### Task requirements
Tally the lines in the entries where the string "that" appears, and write only the total.

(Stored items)

========

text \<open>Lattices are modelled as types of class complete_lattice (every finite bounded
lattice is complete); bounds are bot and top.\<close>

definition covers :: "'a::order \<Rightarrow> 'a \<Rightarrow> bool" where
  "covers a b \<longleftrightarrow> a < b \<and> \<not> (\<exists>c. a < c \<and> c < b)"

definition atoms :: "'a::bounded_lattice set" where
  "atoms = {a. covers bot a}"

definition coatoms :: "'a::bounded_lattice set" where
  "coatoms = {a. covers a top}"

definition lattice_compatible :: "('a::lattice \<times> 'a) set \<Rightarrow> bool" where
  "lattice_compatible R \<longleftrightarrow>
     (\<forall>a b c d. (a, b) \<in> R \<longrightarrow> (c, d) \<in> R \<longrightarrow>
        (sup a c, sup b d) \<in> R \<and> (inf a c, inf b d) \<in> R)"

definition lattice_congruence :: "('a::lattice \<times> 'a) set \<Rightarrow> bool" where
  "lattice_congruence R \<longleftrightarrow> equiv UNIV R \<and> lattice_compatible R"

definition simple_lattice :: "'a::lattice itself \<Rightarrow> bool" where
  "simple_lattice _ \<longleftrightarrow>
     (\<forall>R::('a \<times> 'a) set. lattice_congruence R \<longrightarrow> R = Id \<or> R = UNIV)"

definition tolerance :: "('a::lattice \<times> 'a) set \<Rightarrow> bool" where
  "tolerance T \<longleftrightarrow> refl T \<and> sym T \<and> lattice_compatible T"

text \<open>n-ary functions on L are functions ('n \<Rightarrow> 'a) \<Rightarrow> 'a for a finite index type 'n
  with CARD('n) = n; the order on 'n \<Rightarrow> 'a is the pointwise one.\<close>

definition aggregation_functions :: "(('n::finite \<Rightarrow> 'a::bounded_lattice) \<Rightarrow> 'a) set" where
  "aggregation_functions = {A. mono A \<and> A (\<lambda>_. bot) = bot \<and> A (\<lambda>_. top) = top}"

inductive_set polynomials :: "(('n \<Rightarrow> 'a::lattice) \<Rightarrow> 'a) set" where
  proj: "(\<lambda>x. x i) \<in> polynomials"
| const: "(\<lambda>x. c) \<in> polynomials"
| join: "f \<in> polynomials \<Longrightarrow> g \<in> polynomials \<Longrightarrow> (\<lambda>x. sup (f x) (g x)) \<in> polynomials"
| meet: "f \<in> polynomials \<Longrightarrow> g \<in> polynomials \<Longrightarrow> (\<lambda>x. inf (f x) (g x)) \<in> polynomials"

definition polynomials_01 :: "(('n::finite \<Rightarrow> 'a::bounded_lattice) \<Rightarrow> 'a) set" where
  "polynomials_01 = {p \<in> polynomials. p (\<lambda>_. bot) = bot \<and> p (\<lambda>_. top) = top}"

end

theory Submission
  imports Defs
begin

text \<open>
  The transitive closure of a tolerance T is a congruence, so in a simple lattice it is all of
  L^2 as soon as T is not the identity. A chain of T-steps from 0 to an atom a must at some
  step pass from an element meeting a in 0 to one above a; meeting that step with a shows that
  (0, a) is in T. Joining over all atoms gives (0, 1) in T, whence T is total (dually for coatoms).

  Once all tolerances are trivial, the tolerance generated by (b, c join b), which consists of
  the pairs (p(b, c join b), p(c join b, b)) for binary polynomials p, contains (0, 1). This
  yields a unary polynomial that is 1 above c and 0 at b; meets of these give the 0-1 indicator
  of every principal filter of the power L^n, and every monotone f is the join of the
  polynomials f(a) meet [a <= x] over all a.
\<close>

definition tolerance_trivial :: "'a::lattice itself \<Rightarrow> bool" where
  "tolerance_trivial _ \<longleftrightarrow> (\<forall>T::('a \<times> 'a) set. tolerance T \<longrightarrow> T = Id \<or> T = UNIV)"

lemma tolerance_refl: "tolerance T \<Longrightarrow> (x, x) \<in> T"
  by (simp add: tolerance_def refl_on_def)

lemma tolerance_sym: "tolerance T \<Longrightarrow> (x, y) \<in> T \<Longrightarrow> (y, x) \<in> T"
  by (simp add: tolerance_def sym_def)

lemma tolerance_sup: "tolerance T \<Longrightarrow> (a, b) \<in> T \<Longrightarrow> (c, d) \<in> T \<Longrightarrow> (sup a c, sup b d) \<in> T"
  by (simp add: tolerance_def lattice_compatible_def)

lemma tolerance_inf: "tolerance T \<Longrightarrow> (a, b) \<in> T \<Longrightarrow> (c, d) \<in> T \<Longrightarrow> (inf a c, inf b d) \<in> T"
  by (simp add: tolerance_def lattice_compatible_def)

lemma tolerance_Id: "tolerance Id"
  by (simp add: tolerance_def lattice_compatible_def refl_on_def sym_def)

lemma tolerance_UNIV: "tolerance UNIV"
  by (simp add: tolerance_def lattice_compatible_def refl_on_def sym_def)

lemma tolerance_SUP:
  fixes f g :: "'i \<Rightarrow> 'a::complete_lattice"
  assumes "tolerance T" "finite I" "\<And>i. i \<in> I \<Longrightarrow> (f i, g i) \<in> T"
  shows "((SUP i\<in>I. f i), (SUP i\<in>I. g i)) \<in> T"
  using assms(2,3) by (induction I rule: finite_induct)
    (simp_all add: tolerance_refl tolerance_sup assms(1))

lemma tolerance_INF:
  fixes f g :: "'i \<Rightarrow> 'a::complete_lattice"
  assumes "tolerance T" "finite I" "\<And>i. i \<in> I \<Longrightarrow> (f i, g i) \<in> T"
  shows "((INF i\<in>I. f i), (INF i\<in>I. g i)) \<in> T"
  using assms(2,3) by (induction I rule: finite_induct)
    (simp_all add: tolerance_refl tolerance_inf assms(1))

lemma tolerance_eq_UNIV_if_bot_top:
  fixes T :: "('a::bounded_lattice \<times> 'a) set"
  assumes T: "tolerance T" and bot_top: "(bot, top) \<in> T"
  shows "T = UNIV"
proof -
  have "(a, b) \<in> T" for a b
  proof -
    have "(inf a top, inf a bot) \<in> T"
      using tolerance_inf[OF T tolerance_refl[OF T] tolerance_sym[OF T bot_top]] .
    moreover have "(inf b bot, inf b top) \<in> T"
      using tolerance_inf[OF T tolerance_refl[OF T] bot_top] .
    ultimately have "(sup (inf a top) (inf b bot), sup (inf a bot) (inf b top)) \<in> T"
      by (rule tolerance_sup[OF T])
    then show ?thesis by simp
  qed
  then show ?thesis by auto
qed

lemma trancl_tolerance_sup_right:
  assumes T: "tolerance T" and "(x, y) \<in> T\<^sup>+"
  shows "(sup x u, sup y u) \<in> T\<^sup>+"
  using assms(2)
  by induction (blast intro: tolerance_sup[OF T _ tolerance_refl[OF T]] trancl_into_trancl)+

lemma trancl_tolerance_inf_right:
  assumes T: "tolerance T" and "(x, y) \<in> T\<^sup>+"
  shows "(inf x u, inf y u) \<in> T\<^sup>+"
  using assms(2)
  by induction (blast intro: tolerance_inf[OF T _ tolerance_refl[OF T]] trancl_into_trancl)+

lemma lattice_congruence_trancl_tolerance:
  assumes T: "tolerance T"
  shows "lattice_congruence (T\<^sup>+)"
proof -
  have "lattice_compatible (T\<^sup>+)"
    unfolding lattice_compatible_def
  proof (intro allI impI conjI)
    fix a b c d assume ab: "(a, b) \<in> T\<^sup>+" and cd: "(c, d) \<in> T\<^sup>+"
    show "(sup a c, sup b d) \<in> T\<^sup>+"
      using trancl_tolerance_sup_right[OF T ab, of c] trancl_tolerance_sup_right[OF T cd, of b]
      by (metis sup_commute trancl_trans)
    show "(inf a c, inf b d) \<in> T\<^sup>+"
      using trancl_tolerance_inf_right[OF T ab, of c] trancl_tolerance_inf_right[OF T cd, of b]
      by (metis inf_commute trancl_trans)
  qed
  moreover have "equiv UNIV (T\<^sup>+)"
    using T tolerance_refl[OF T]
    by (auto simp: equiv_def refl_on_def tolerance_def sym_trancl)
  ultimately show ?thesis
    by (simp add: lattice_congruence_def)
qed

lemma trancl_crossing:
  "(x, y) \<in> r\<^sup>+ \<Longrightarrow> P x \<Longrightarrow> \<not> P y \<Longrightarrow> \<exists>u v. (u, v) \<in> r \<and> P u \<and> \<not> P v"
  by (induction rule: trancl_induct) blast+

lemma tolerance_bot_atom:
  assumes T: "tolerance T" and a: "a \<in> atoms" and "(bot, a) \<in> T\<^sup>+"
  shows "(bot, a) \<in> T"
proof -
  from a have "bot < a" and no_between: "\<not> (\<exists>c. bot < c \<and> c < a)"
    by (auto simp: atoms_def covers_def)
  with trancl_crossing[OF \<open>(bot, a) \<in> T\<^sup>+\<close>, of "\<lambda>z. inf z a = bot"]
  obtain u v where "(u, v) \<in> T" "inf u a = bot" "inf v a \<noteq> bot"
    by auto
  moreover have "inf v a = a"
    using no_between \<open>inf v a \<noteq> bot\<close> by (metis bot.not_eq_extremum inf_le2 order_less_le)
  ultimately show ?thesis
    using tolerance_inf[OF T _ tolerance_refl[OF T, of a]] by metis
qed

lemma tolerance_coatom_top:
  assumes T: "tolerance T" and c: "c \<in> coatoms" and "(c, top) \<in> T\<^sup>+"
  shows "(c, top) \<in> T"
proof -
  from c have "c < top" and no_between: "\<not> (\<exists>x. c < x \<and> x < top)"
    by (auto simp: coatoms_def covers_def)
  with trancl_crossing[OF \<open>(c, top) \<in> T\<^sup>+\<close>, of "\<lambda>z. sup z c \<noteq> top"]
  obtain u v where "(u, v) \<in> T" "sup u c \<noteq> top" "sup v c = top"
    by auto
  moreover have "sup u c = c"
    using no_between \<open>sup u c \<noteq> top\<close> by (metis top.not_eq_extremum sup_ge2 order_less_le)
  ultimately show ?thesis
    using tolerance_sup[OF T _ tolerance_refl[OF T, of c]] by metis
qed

========

### Reply to the task
2